There is no feast in the Church’s calendar more solemn or important than today, Easter Sunday, the anniversary of our blessed Lord’s Resurrection from the dead.  Rising from the tomb, our Lord made his appearance to St. Mary Magdalene and the Apostles and they were amazed and in awe.  But most of the Chosen People had already abandoned, even betrayed their faith in the Messiah, calling down his Blood upon themselves and their descendants.  If only they had examined their own scriptures and traditions, they would have been reminded of the hidden prophecies and foreshadowings of this otherwise incredible event, the Resurrection.  The Old Testament is full of such messages for God’s people, but nowhere more than in the story of Moses.

In the days leading up to our Lord’s Resurrection, the Jews had just been celebrating their own most important feastday, that of Passover.  They began their festivities with the traditional Passover Seder, a meal during which they commemorated the deliverance of the Hebrew people from their slavery in Egypt.  Moses had been trying in vain to persuade the Pharaoh to free them from their bondage, but in spite of commands by God himself to “Let my people go,” the Pharaoh was stubbornly unrelenting.  With nine plagues, God smote the Egyptians, but still he refused.  There followed the tenth and most terrifying of the plagues in which the firstborn of every living creature was slain by the Angel of Death.  God warned the Hebrews that in order to escape this fate and be delivered from their bondage, they must sacrifice a lamb without blemish, sprinkling its blood on the doorposts of their houses.  The Angel of Death proceeded to “pass over” the dwellings of those who were saved by the blood of the lamb and freed from their bondage in Egypt, as the Pharaoh finally relented.

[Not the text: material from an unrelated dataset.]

(* Let $\Gamma$ be a geometry of type $C_3$ in which two distinct coplanar lines through a common point lie in a unique common plane. Let $\alpha=(p,L,q,M,p)$ be a non-degenerate primitive path, $N$ a line admissible for $\alpha$, and $r$ a point of $N$. Then: (1) $\sigma^N_{q\to r}(\alpha)=\alpha$ if and only if $r=q$; (2) $\sigma^N_{q\to r}(\alpha)$ is a non-degenerate primitive path and $N$ is admissible for it; (3) $\sigma^N_{r\to q}(\sigma^N_{q\to r}(\alpha))=\alpha$; (4) $\alpha\sim\sigma^N_{q\to r}(\alpha)$.
   Context: A geometry of type $C_3$ is a (residually connected) rank-3 Tits geometry belonging to the diagram $\circ\!-\!\circ\!=\!\circ$, with types points, lines, planes; the residue of a plane is a projective plane on its points and lines. Paths, homotopy $\sim$: generated by $(x,y,x)\leftrightarrow(x)$ and $(x,y,z)\leftrightarrow(x,z)$ for flags $\{x,y,z\}$. A primitive path is a closed path $(p,L,q,M,p)$ with $p,q$ points and $L,M$ lines; degenerate if $p=q$ or $L=M$. Shift: given a non-degenerate primitive path $\alpha=(p,L,q,M,p)$ (so $L,M$ are not coplanar), a line $N$ is admissible for $\alpha$ if $N$ is incident with $q$ and is coplanar with $L$ and with $M$. For a point $r$ on $N$, let $\xi$ be the plane on $N$ and $L$, $\chi$ the plane on $N$ and $M$, $L'$ the line of $\xi$ through $p$ and $r$, $M'$ the line of $\chi$ through $p$ and $r$; the shift of $\alpha$ from $q$ to $r$ along $N$ is $\sigma^N_{q\to r}(\alpha)=(p,L',r,M',p)$. *)

theory Defs
  imports Main
begin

Our Lord followed the traditional Jewish tradition of eating the Passover lamb when he took his final meal, his Last Supper, with his twelve apostles.  It was at this meal that he instituted the Holy Sacrifice of the Mass, which was to be the new and everlasting covenant between God and man.  The following day, Good Friday, that covenant was ratified by the death of God’s own firstborn and the shedding of his blood, the blood of a new lamb, the Lamb of God, who was sacrificed that the chosen people may be delivered from the bondage of their sin.  This new Paschal Lamb that took away the sins of the world, appeased the wrath of God, and we his people were free to resume our journey to the Promised Land of heaven. 

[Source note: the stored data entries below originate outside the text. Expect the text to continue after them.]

(* In the semi-discrete heat setting described in the context, the map $\Lambda_h:\mathcal{W}_h\to\mathcal{F}(\mathring\Omega_h)$, $\varphi\mapsto u_\varphi(T)$, is Fréchet-differentiable at $0$.
   Context: Let $h>0$, integers $M,N\ge2$, grid $\Omega_h=\{(ih,jh):0\le i\le M,0\le j\le N\}$ with nodes indexed $(i,j)$, interior $\mathring\Omega_h=\{1\le i\le M-1,1\le j\le N-1\}$, $\Gamma^1=\{(1,j):1\le j\le N-1\}$; $\mathcal{F}(\mathring\Omega_h)$ is the space of real functions on $\mathring\Omega_h$, extended by $0$ on boundary nodes. $\mathcal{W}_h$ is the set of perturbations $\varphi(t)=\sum_{j=1}^{N-1}h\lambda_j(t)V_j$ ($V_j$ the unit horizontal vector at boundary node $(0,j)$, zero elsewhere) with $\lambda_j\in L^\infty(\mathbb{R}^+)\cap C(\mathbb{R}^+)$, $\sup_j\|\lambda_j\|_\infty<1/2$. $A(\varphi)$ is the 5-point operator $[A(\varphi)\phi]_{(i,j)}=h^{-2}(4\phi_{(i,j)}-\phi_{(i+1,j)}-\phi_{(i-1,j)}-\phi_{(i,j+1)}-\phi_{(i,j-1)})$ off $\Gamma^1$, and $[A(\varphi)\phi]_{(1,j)}=h^{-2}\big(2(1+\frac{1}{1+\lambda_j(t)})\phi_{(1,j)}-\frac{2}{2+\lambda_j(t)}\phi_{(2,j)}-\phi_{(1,j+1)}-\phi_{(1,j-1)}\big)$. Given a source $F:[0,\infty)\to\mathcal{F}(\mathring\Omega_h)$ and $u_0\in\mathcal{F}(\mathring\Omega_h)$, $u_\varphi$ solves $\partial_tu_\varphi+A(\varphi)u_\varphi=F$, $u_\varphi(0)=u_0$, and $T>0$ is fixed. *)

theory Defs
  imports "HOL-Analysis.Analysis"
begin

definition interior :: "nat \<Rightarrow> nat \<Rightarrow> (nat \<times> nat) set" where
  "interior M N = {(i,j). 1 \<le> i \<and> i \<le> M - 1 \<and> 1 \<le> j \<and> j \<le> N - 1}"

definition ext0 :: "nat \<Rightarrow> nat \<Rightarrow> (nat \<times> nat \<Rightarrow> real) \<Rightarrow> nat \<times> nat \<Rightarrow> real" where
  "ext0 M N v p = (if p \<in> interior M N then v p else 0)"

text \<open>The perturbed 5-point operator A(\<phi>) at time t; \<phi> is given by the family
  lam j t = \<lambda>_j(t), j = 1..N-1.\<close>
definition Aop :: "real \<Rightarrow> nat \<Rightarrow> nat \<Rightarrow> (nat \<Rightarrow> real \<Rightarrow> real) \<Rightarrow> real
                   \<Rightarrow> (nat \<times> nat \<Rightarrow> real) \<Rightarrow> nat \<times> nat \<Rightarrow> real" where
  "Aop h M N lam t v p =
     (let i = fst p; j = snd p; w = ext0 M N v in
      if i = 1 then
        (2 * (1 + 1 / (1 + lam j t)) * w (1, j) - 2 / (2 + lam j t) * w (2, j)
          - w (1, j + 1) - w (1, j - 1)) / h\<^sup>2
      else
        (4 * w (i, j) - w (i + 1, j) - w (i - 1, j) - w (i, j + 1) - w (i, j - 1)) / h\<^sup>2)"

definition pspace :: "nat \<Rightarrow> (nat \<Rightarrow> real \<Rightarrow> real) set" where
  "pspace N = {lam. \<forall>j\<in>{1..N-1}. continuous_on {0..} (lam j) \<and> bounded (lam j ` {0..})}"

definition pnorm :: "nat \<Rightarrow> (nat \<Rightarrow> real \<Rightarrow> real) \<Rightarrow> real" where
  "pnorm N lam = Max ((\<lambda>j. SUP t\<in>{0::real..}. \<bar>lam j t\<bar>) ` {1..N-1})"

definition Wh :: "nat \<Rightarrow> (nat \<Rightarrow> real \<Rightarrow> real) set" where
  "Wh N = {lam \<in> pspace N. pnorm N lam < 1/2}"

definition solves :: "real \<Rightarrow> nat \<Rightarrow> nat \<Rightarrow> (real \<Rightarrow> nat \<times> nat \<Rightarrow> real) \<Rightarrow> (nat \<times> nat \<Rightarrow> real)
                      \<Rightarrow> (nat \<Rightarrow> real \<Rightarrow> real) \<Rightarrow> (real \<Rightarrow> nat \<times> nat \<Rightarrow> real) \<Rightarrow> bool" where
  "solves h M N F u0 lam u \<longleftrightarrow>
     (\<forall>p\<in>interior M N. u 0 p = u0 p \<and>
        (\<forall>t\<ge>0. ((\<lambda>s. u s p) has_real_derivative (F t p - Aop h M N lam t (u t) p)) (at t within {0..})))"

end

theory Submission
  imports Defs
begin

text \<open>
  Write \<open>\<Phi>\<^sub>p(\<lambda>) = u\<^sub>\<lambda>(T,p) - u\<^sub>0(T,p)\<close>. The perturbation changes \<open>A\<close> only on the column
  \<open>\<Gamma>\<^sup>1\<close>, by a boundary term whose coefficients are smooth in \<open>\<lambda>\<^sub>j\<close>. An energy estimate
  (Gronwall for \<open>\<Sum> w\<^sup>2\<close>, using that \<open>\<langle>w, A(\<mu>) w\<rangle> \<ge> -30 h\<^sup>-\<^sup>2 \<parallel>w\<parallel>\<^sup>2\<close> for \<open>\<bar>\<mu>\<bar> \<le> 1/2\<close>)
  gives \<open>u\<^sub>\<lambda> - u\<^sub>0 = O(\<parallel>\<lambda>\<parallel>)\<close>, hence the boundary term equals its linearisation in \<open>\<lambda>\<close>
  up to \<open>O(\<parallel>\<lambda>\<parallel>\<^sup>2)\<close>. For a combination with \<open>\<Sum> c\<^sub>i \<lambda>\<^sub>i = 0\<close> the linear parts cancel,
  and the energy estimate yields \<open>\<bar>\<Sum> c\<^sub>i \<Phi>\<^sub>p(\<lambda>\<^sub>i)\<bar> \<le> K \<Sum> \<bar>c\<^sub>i\<bar> \<parallel>\<lambda>\<^sub>i\<parallel>\<^sup>2\<close>.
  Any \<open>\<Phi>\<close> with this quadratic defect and \<open>\<Phi>(\<lambda>) = O(\<parallel>\<lambda>\<parallel>)\<close> is differentiable at \<open>0\<close>:
  \<open>n \<Phi>(\<lambda>/n)\<close> is Cauchy, its limit \<open>L \<lambda>\<close> is linear and bounded, and
  \<open>\<bar>\<Phi>(\<lambda>) - L \<lambda>\<bar> \<le> 2K \<parallel>\<lambda>\<parallel>\<^sup>2\<close>.
\<close>

section \<open>The perturbed five-point operator\<close>

lemma Aop_lincomb3:
  "Aop h M N lam t (\<lambda>q. a * u q + b * v q + c * w q) p
     = a * Aop h M N lam t u p + b * Aop h M N lam t v p + c * Aop h M N lam t w p"
  by (simp add: Aop_def Let_def ext0_def add_divide_distrib diff_divide_distrib algebra_simps)

lemma Aop_diff: "Aop h M N lam t (\<lambda>q. v q - w q) p = Aop h M N lam t v p - Aop h M N lam t w p"
  using Aop_lincomb3[of h M N lam t 1 v "-1" w 0 w p] by simp

definition boundary_term :: "real \<Rightarrow> nat \<Rightarrow> nat \<Rightarrow> (nat \<Rightarrow> real \<Rightarrow> real) \<Rightarrow> real
                   \<Rightarrow> (nat \<times> nat \<Rightarrow> real) \<Rightarrow> nat \<times> nat \<Rightarrow> real" where
  "boundary_term h M N lam t v p =
     (if fst p = 1 then
        ((2 / (1 + lam (snd p) t) - 2) * ext0 M N v (1, snd p)
          - (2 / (2 + lam (snd p) t) - 1) * ext0 M N v (2, snd p)) / h\<^sup>2
      else 0)"

lemma Aop_eq_Aop_zero_plus_boundary_term:
  "Aop h M N lam t v p = Aop h M N (\<lambda>_ _. 0) t v p + boundary_term h M N lam t v p"
proof (cases "fst p = 1")
  case True
  \<comment> \<open>the west neighbour of a node on \<open>\<Gamma>\<^sup>1\<close> lies on the boundary\<close>
  have "ext0 M N v (0, snd p) = 0" by (simp add: ext0_def interior_def)
  with True show ?thesis
    by (simp add: Aop_def Let_def boundary_term_def add_divide_distrib[symmetric] algebra_simps)
qed (simp add: Aop_def Let_def boundary_term_def)

lemma finite_interior: "finite (interior M N)"
  by (rule finite_subset[of _ "{0..M} \<times> {0..N}"]) (auto simp: interior_def)

definition east :: "nat \<times> nat \<Rightarrow> nat \<times> nat" where "east p = (fst p + 1, snd p)"
definition west :: "nat \<times> nat \<Rightarrow> nat \<times> nat" where "west p = (fst p - 1, snd p)"
definition north :: "nat \<times> nat \<Rightarrow> nat \<times> nat" where "north p = (fst p, snd p + 1)"
definition south :: "nat \<times> nat \<Rightarrow> nat \<times> nat" where "south p = (fst p, snd p - 1)"

lemma inj_on_neighbours:
  "inj_on east (interior M N)" "inj_on west (interior M N)"
  "inj_on north (interior M N)" "inj_on south (interior M N)"
  by (auto simp: inj_on_def east_def west_def north_def south_def interior_def prod_eq_iff)

lemma sum_shifted_squares_le:
  assumes "inj_on \<sigma> (interior M N)"
  shows "(\<Sum>p\<in>interior M N. (ext0 M N v (\<sigma> p))\<^sup>2) \<le> (\<Sum>p\<in>interior M N. (v p)\<^sup>2)"
proof -
  let ?I = "interior M N"
  have "(\<Sum>p\<in>?I. (ext0 M N v (\<sigma> p))\<^sup>2) = (\<Sum>q\<in>\<sigma> ` ?I. (ext0 M N v q)\<^sup>2)"
    by (simp add: sum.reindex[OF assms])
  also have "\<dots> = (\<Sum>q\<in>\<sigma> ` ?I \<inter> ?I. (v q)\<^sup>2)"
    by (rule sum.mono_neutral_cong_right) (auto simp: ext0_def finite_interior)
  also have "\<dots> \<le> (\<Sum>q\<in>?I. (v q)\<^sup>2)"
    by (rule sum_mono2) (auto simp: finite_interior)
  finally show ?thesis .
qed

lemma abs_diff4_le: "\<bar>a - b - c - d\<bar> \<le> \<bar>a\<bar> + \<bar>b\<bar> + \<bar>c\<bar> + \<bar>(d::real)\<bar>"
  by linarith

lemma perturbed_coeffs_le:
  fixes x :: real
  assumes "\<bar>x\<bar> \<le> 1/2"
  shows "\<bar>2 * (1 + 1 / (1 + x))\<bar> \<le> 6" "\<bar>2 / (2 + x)\<bar> \<le> 6"
  using assms by (auto simp: abs_le_iff divide_le_eq)

lemma Aop_abs_le_neighbours:
  fixes M N :: nat and v :: "nat \<times> nat \<Rightarrow> real"
  assumes "h > 0" and "\<bar>lam (snd p) t\<bar> \<le> 1/2"
  defines "w \<equiv> ext0 M N v"
  shows "\<bar>Aop h M N lam t v p\<bar>
           \<le> 6 / h\<^sup>2 * (\<bar>w p\<bar> + \<bar>w (east p)\<bar> + \<bar>w (west p)\<bar> + \<bar>w (north p)\<bar> + \<bar>w (south p)\<bar>)"
proof -
  obtain i j where p: "p = (i, j)" by (cases p)
  have "\<bar>h\<^sup>2 * Aop h M N lam t v p\<bar>
          \<le> 6 * (\<bar>w p\<bar> + \<bar>w (east p)\<bar> + \<bar>w (west p)\<bar> + \<bar>w (north p)\<bar> + \<bar>w (south p)\<bar>)"
  proof (cases "i = 1")
    case True
    define c1 where "c1 = 2 * (1 + 1 / (1 + lam j t))"
    define c2 where "c2 = 2 / (2 + lam j t)"
    have "\<bar>c1\<bar> \<le> 6" "\<bar>c2\<bar> \<le> 6"
      using perturbed_coeffs_le assms(2) p by (auto simp: c1_def c2_def)
    then have "\<bar>c1 * w (1, j)\<bar> \<le> 6 * \<bar>w (1, j)\<bar>" "\<bar>c2 * w (2, j)\<bar> \<le> 6 * \<bar>w (2, j)\<bar>"
      by (simp_all add: abs_mult mult_right_mono)
    moreover have "h\<^sup>2 * Aop h M N lam t v p = c1 * w (1, j) - c2 * w (2, j) - w (1, j + 1) - w (1, j - 1)"
      using True p assms(1) by (simp add: Aop_def Let_def c1_def c2_def w_def)
    moreover note abs_diff4_le[of "c1 * w (1, j)" "c2 * w (2, j)" "w (1, j + 1)" "w (1, j - 1)"]
    ultimately show ?thesis
      using True p abs_ge_zero[of "w (0, j)"]
      by (simp add: east_def west_def north_def south_def numeral_2_eq_2) (smt (verit))
  next
    case False
    then have "h\<^sup>2 * Aop h M N lam t v p
        = 4 * w (i, j) - w (i + 1, j) - w (i - 1, j) - w (i, j + 1) - w (i, j - 1)"
      using p assms(1) by (simp add: Aop_def Let_def w_def)
    then show ?thesis
      using p by (simp add: east_def west_def north_def south_def) (smt (verit))
  qed
  then show ?thesis
    using assms(1) by (simp add: abs_mult pos_le_divide_eq mult.commute)
qed

lemma mult_sum5_le_squares:
  fixes x a b c d :: real
  shows "2 * (x * (x + a + b + c + d)) \<le> 6 * x\<^sup>2 + a\<^sup>2 + b\<^sup>2 + c\<^sup>2 + d\<^sup>2"
  using sum_squares_bound[of x a] sum_squares_bound[of x b]
    sum_squares_bound[of x c] sum_squares_bound[of x d]
  by (simp add: algebra_simps power2_eq_square)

The dreadful meaning of the death of the firstborn of Egypt was now revealed as the Only-Begotten Son of God was himself put to death so that man may be freed from their iniquities.  On that first Good Friday the Old Covenant came to an abrupt end.  The sacrifice of the Paschal Victim at the temple of Jerusalem was interrupted that year.  At the very moment the Jewish priests offered up their unblemished lamb in the temple, Christ died on the cross and the veil of the Jewish temple was rent asunder.  The temple sacrifices were of no more value, and soon, even the temple itself would be destroyed.  As for the Paschal Victim, it would continue to be commemorated until the end of time, no longer as a foreshadowing by an actual lamb in the temple, nor symbolically by the Seder meal, but in their fulfillment as the perfect Sacrifice of the Mass.  The Paschal Lamb that we would consume at the Mass in Holy Communion would no longer be a symbol, but the actual Body of Christ, the Lamb of God.  And those who receive the Body of Christ are still today “passed over” by the Angel of Death, spiritual death, and receive their own deliverance from the bondage of sin, making them worthy for the life everlasting. Our Holy Sacrifice of the Mass therefore, this Mass that Bergoglio is trying so hard to abolish, is no mere commemoration of a human act that occupied a single moment of a dimly remembered past, but the perpetual representation of an act of God, eternal in nature and as fresh and full of grace today as it was on Calvary.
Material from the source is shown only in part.